This article is published in Aviation Daily part of Aviation Week Intelligence Network (AWIN), and is complimentary through Nov 26, 2024. For information on becoming an AWIN Member to access more content like this, click here.
PARIS—Thales is investigating the use of a neural network combined with a certified conflict detection system to help prevent aircraft from flying too close to one another in a given airspace.
The emergence of such a hybrid artificial intelligence (AI) system in air traffic management (ATM) could relieve pressure on air traffic controllers, who would ultimately decide whether to use a proposed resolution advisory. It could also improve avoidance trajectories, for instance, by making them shorter. Such a system might enter service around 2030, after more development and certification work is conducted.
Under the conventional procedure when a trajectory conflict—or potential loss of separation—is identified, the air traffic controller steps in and identifies a new trajectory. They provide the crew with an instruction, or clearance, to alter their flightpath and avoid the conflict. Simultaneously, controllers make sure they avoid conflicts with other aircraft in the same airspace.
Regulations call for maintaining separations of 5 nm horizontally and 1,000 ft. vertically—some variations may apply. “When traffic is very dense, this can be quite stressful,” Thales Airspace Mobility Solutions chief data scientist Andrei Purica said at the AI Applications In Aeronautics, Defense and Space conference organized by the Air and Space Academy here Nov. 13-14.

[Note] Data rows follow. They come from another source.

(* For a suitable choice of absolute constants $c_0>0$, $c_5>0$, the following holds: for $x\geqslant y\geqslant 2$ with $\psi(y)>2\log x$, every integer $q$ with $q\leqslant y^{c_0/\log_2y}$, every non-principal Dirichlet character $\chi$ modulo $q$ and every $\tau\in\mathbb R$, $$\Big|\frac{Z(\beta+i\tau,\chi;y)}{Z_q(\beta,y)}\Big|\leqslant e^{-c_5\mathcal W_q(y,\tau;\chi)}.$$
   Context: For a prime $p$, $\nu_p:=\lfloor\log y/\log p\rfloor$; $\psi(y):=\sum_{p\leqslant y}\nu_p\log p$; $\log_2=\log\log$. For $\Re s>0$, $Z_q(s,y):=\prod_{p\leqslant y,\,p\nmid q}\frac{1-p^{-(\nu_p+1)s}}{1-p^{-s}}$, $Z(s,y):=Z_1(s,y)$, and for a Dirichlet character $\chi$, $Z(s,\chi;y):=\prod_{p\leqslant y}\frac{1-\chi(p)^{\nu_p+1}p^{-(\nu_p+1)s}}{1-\chi(p)p^{-s}}$. When $\psi(y)>2\log x$, $\beta=\beta(x,y)$ is the unique $\sigma>0$ with $-Z'(\sigma,y)/Z(\sigma,y)=\log x$. Finally $\mathcal W_q(y,\tau;\chi):=\sum_{p\leqslant y,\,p\nmid q}\frac{\{1-\Re(\chi(p)p^{-i\tau})\}^2}{p^\beta}$. *)

theory Defs
  imports "HOL-Analysis.Analysis" "HOL-Computational_Algebra.Primes"
begin

definition nu :: "real \<Rightarrow> nat \<Rightarrow> nat" where
  "nu y p = nat \<lfloor>ln y / ln (real p)\<rfloor>"

definition psi :: "real \<Rightarrow> real" where
  "psi y = (\<Sum>p | prime p \<and> real p \<le> y. real (nu y p) * ln (real p))"

definition Zq :: "nat \<Rightarrow> real \<Rightarrow> real \<Rightarrow> real" where
  "Zq q s y = (\<Prod>p | prime p \<and> real p \<le> y \<and> \<not> p dvd q.
      (1 - real p powr (- (real (nu y p + 1) * s))) / (1 - real p powr (- s)))"

definition Z :: "real \<Rightarrow> real \<Rightarrow> real" where
  "Z s y = Zq 1 s y"

definition Zchi :: "complex \<Rightarrow> (nat \<Rightarrow> complex) \<Rightarrow> real \<Rightarrow> complex" where
  "Zchi s chi y = (\<Prod>p | prime p \<and> real p \<le> y.
      (1 - chi p ^ (nu y p + 1) * of_nat p powr (- (of_nat (nu y p + 1) * s)))
      / (1 - chi p * of_nat p powr (- s)))"

definition saddle :: "real \<Rightarrow> real \<Rightarrow> real" where
  "saddle x y = (THE \<sigma>. \<sigma> > 0 \<and> - deriv (\<lambda>s. Z s y) \<sigma> / Z \<sigma> y = ln x)"

definition W :: "nat \<Rightarrow> real \<Rightarrow> real \<Rightarrow> (nat \<Rightarrow> complex) \<Rightarrow> real \<Rightarrow> real" where
  "W q y \<tau> chi \<beta> = (\<Sum>p | prime p \<and> real p \<le> y \<and> \<not> p dvd q.
      (1 - Re (chi p * of_nat p powr (- (\<i> * of_real \<tau>))))\<^sup>2 / real p powr \<beta>)"

definition dirichlet_char :: "nat \<Rightarrow> (nat \<Rightarrow> complex) \<Rightarrow> bool" where
  "dirichlet_char q chi \<longleftrightarrow> q \<ge> 1 \<and>
     (\<forall>m n. chi (m * n) = chi m * chi n) \<and>
     (\<forall>n. chi (n + q) = chi n) \<and>
     (\<forall>n. chi n \<noteq> 0 \<longleftrightarrow> coprime n q)"

definition principal_char :: "nat \<Rightarrow> (nat \<Rightarrow> complex) \<Rightarrow> bool" where
  "principal_char q chi \<longleftrightarrow> (\<forall>n. chi n = (if coprime n q then 1 else 0))"

end

theory Submission
  imports Defs "HOL-Number_Theory.Number_Theory"
begin

(* For p not dividing q, the Euler factor of Z(s, chi; y) at s = beta + i tau is the geometric
   sum of w^k, k <= nu_p, with w = r u, r = p^(-beta) and |u| = 1. Its modulus is at most
   (sum of r^k) * exp (-r (1 - Re u)^2 / 16), while the factors with p | q are 1; multiplying
   over p gives the bound with c5 = 1/16 for every beta > 0. That beta(x, y) > 0 holds because
   -Z'/Z is continuous and strictly decreasing on [0, oo) (a Chebyshev sum inequality in each
   factor), equals psi(y)/2 > log x at 0 and tends to 0. *)

lemma norm_one_plus_scaled_le:
  fixes u :: complex
  assumes r0: "0 \<le> r" and r1: "r \<le> 1" and u1: "cmod u \<le> 1"
  shows "cmod (1 + of_real r * u) \<le> 1 + r - r * (1 - Re u) / 2"
proof -
  define a where "a = 1 - Re u"
  have a: "0 \<le> a" "a \<le> 2"
    using abs_Re_le_cmod[of u] u1 by (auto simp: a_def)
  have "(Re u)\<^sup>2 + (Im u)\<^sup>2 \<le> 1"
    using u1 by (simp add: cmod_power2[symmetric] power_le_one)
  then have "r\<^sup>2 * ((Re u)\<^sup>2 + (Im u)\<^sup>2) \<le> r\<^sup>2"
    by (simp add: mult_left_le)
  moreover have "(cmod (1 + of_real r * u))\<^sup>2 = (1 + r * Re u)\<^sup>2 + (r * Im u)\<^sup>2"
    by (simp add: cmod_power2)
  ultimately have "(cmod (1 + of_real r * u))\<^sup>2 \<le> 1 + 2 * r * Re u + r\<^sup>2"
    by (simp add: power2_eq_square algebra_simps)
  also have "\<dots> \<le> (1 + r - r * a / 2)\<^sup>2"
  proof -
    have "0 \<le> r * a * (1 - r)" using r0 r1 a by simp
    moreover have "(1 + r - r * a / 2)\<^sup>2 - (1 + 2 * r * Re u + r\<^sup>2) = r * a * (1 - r) + (r * a)\<^sup>2 / 4"
      by (simp add: a_def power2_eq_square algebra_simps)
    moreover have "0 \<le> (r * a)\<^sup>2 / 4" by simp
    ultimately show ?thesis by linarith
  qed
  finally have "(cmod (1 + of_real r * u))\<^sup>2 \<le> (1 + r - r * a / 2)\<^sup>2" .
  moreover have "0 \<le> 1 + r - r * a / 2"
    using r0 mult_left_mono[OF a(2) r0] by simp
  ultimately show ?thesis
    unfolding a_def[symmetric] by (rule power2_le_imp_le)
qed

lemma norm_geometric_sum_le:
  fixes u :: complex
  assumes r0: "0 \<le> r" and r1: "r \<le> 1" and u1: "cmod u \<le> 1" and n1: "1 \<le> n"
  shows "cmod (\<Sum>k\<le>n. (of_real r * u) ^ k) \<le> (\<Sum>k\<le>n. r ^ k) * (1 - r * (1 - Re u) / 8)"
proof -
  define z where "z = of_real r * u"
  define a where "a = 1 - Re u"
  define c where "c = 1 - r * a / 8"
  have ra: "0 \<le> r * a" "r * a \<le> 2"
    using abs_Re_le_cmod[of u] u1 r0 r1 mult_mono[of r 1 a 2] by (auto simp: a_def)
  have z1: "cmod (1 + z) \<le> 1 + r - r * a / 2"
    using norm_one_plus_scaled_le[OF r0 r1 u1] by (simp add: z_def a_def)
  have z1': "cmod (1 + z) \<le> (1 + r) * c"
  proof -
    have "(1 + r) * (r * a) \<le> 2 * (r * a)"
      using r1 ra(1) by (intro mult_right_mono) auto
    moreover have "(1 + r) * c = 1 + r - (1 + r) * (r * a) / 8"
      by (simp add: c_def algebra_simps)
    ultimately show ?thesis using z1 ra by linarith
  qed
  have zk: "cmod (z ^ k) \<le> r ^ k" for k
    using u1 r0 by (simp add: z_def norm_power norm_mult power_mono mult_left_le)
  \<comment> \<open>Terms are grouped in pairs \<open>z\<^sup>k (1 + z)\<close>, each of which loses the factor \<open>c\<close>.\<close>
  have "cmod (\<Sum>k\<le>n. z ^ k) \<le> (\<Sum>k\<le>n. r ^ k) * c" if "1 \<le> n" for n
    using that
  proof (induction n rule: less_induct)
    case (less n)
    consider "n = 1" | "n = 2" | "3 \<le> n"
      using less.prems by linarith
    then show ?case
    proof cases
      case 1
      then show ?thesis using z1' by (simp add: add.commute)
    next
      case 2
      have "cmod (\<Sum>k\<le>n. z ^ k) \<le> cmod (1 + z) + cmod (z ^ 2)"
        using 2 norm_triangle_ineq[of "1 + z" "z ^ 2"] by (simp add: numeral_2_eq_2 add.commute)
      also have "\<dots> \<le> 1 + r - r * a / 2 + r ^ 2"
        using z1 zk[of 2] by linarith
      also have "\<dots> \<le> (\<Sum>k\<le>n. r ^ k) * c"
      proof -
        have "(1 + r + r ^ 2) * (r * a) \<le> 4 * (r * a)"
          using r0 r1 ra power_le_one[OF r0 r1, of 2] by (intro mult_right_mono) auto
        then show ?thesis using 2 by (simp add: numeral_2_eq_2 c_def algebra_simps)
      qed
      finally show ?thesis .
    next
      case 3
      define m where "m = n - 2"
      have m: "n = m + 2" "1 \<le> m" using 3 by (simp_all add: m_def)
      have split: "(\<Sum>k\<le>m + 2. f k) = (\<Sum>k\<le>m. f k) + f (m + 1) + f (m + 2)" for f :: "nat \<Rightarrow> 'a::comm_monoid_add"
        by (simp add: numeral_2_eq_2 add.assoc)
      have "cmod (\<Sum>k\<le>n. z ^ k) = cmod ((\<Sum>k\<le>m. z ^ k) + z ^ (m + 1) * (1 + z))"
        using m by (simp add: split algebra_simps)
      also have "\<dots> \<le> cmod (\<Sum>k\<le>m. z ^ k) + cmod (z ^ (m + 1)) * cmod (1 + z)"
        by (metis norm_triangle_ineq norm_mult)
      also have "\<dots> \<le> (\<Sum>k\<le>m. r ^ k) * c + r ^ (m + 1) * ((1 + r) * c)"
        using less.IH[of m] m zk[of "m + 1"] z1' r0 by (intro add_mono mult_mono) auto
      also have "\<dots> = (\<Sum>k\<le>n. r ^ k) * c"
        using m by (simp add: split algebra_simps)
      finally show ?thesis .
    qed
  qed
  then show ?thesis using n1 by (simp add: z_def c_def a_def)
qed

(* euler_factor nu_p (log p) s = sum of p^(-k s) over k <= nu_p is the factor of Z(s, y) at p. *)
definition euler_factor :: "nat \<Rightarrow> real \<Rightarrow> real \<Rightarrow> real" where
  "euler_factor n L s = (\<Sum>k\<le>n. exp (- (real k * L * s)))"

definition euler_factor_neg_deriv :: "nat \<Rightarrow> real \<Rightarrow> real \<Rightarrow> real" where
  "euler_factor_neg_deriv n L s = (\<Sum>k\<le>n. real k * L * exp (- (real k * L * s)))"

definition euler_factor_neg_logderiv :: "nat \<Rightarrow> real \<Rightarrow> real \<Rightarrow> real" where
  "euler_factor_neg_logderiv n L s = euler_factor_neg_deriv n L s / euler_factor n L s"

Thales already offers an automated resolver. Based on classical research algorithms, it works in the background, looking for an alternative trajectory, Purica said. The resolver shares the result with the controller, who may decide to use it or do something else.
The current model has limitations, however. Due to computational power limits, it cannot analyze every single solution in the background. It may thus miss some, Purica pointed out.
Thales is thus exploring AI and, more specifically, reinforced learning. The approach gives more exhaustive and faster results and includes cost functions—the benefits and drawbacks of each solution. It can take into account criteria such as CO2 emissions and contrail reduction, Purica adds.
Among the limitations of AI for ATM, safety concerns rank first. The system cannot provide a solution guarantee, and a solution may be difficult to explain. “In accuracy, 99% is not enough,” Purica said.
Hence Thales’ idea for a hybrid approach, combining AI and symbolic calculations. “If a conflict is detected, we ask the neural network what he thinks of a certain option with respect to a certain cost function,” Purica said. “We look at rewards and penalties. In a flightpath’s deviation, the neural network may suggest a range of angles is better.” The classical tool then focuses the search and gives the controller a validated solution. To train the AI model, Thales relied on 20-30 min. ATM scenarios and ensured it was learning from failures, Purica said. The experiment was deemed successful. “We ran the system for several days,” he said. “After 15 million clearances, the system began to understand and started to maximize the cost function we provided. After 20 million clearances, it not only solved 99% of the problems, it reduced the average length of the trajectories.”
In real life, the medium-term conflict detection system—an existing certified module—would validate the AI tool’s suggestion. Purica anticipates it may take 5-7 years before such a system is put into operation. Thales tested the AI part of the system with controllers, who found it acceptable—sometimes acting like a novice controller, sometimes proficient. The company’s engineers hope to experiment with the hybrid approach in the near future, Purica said.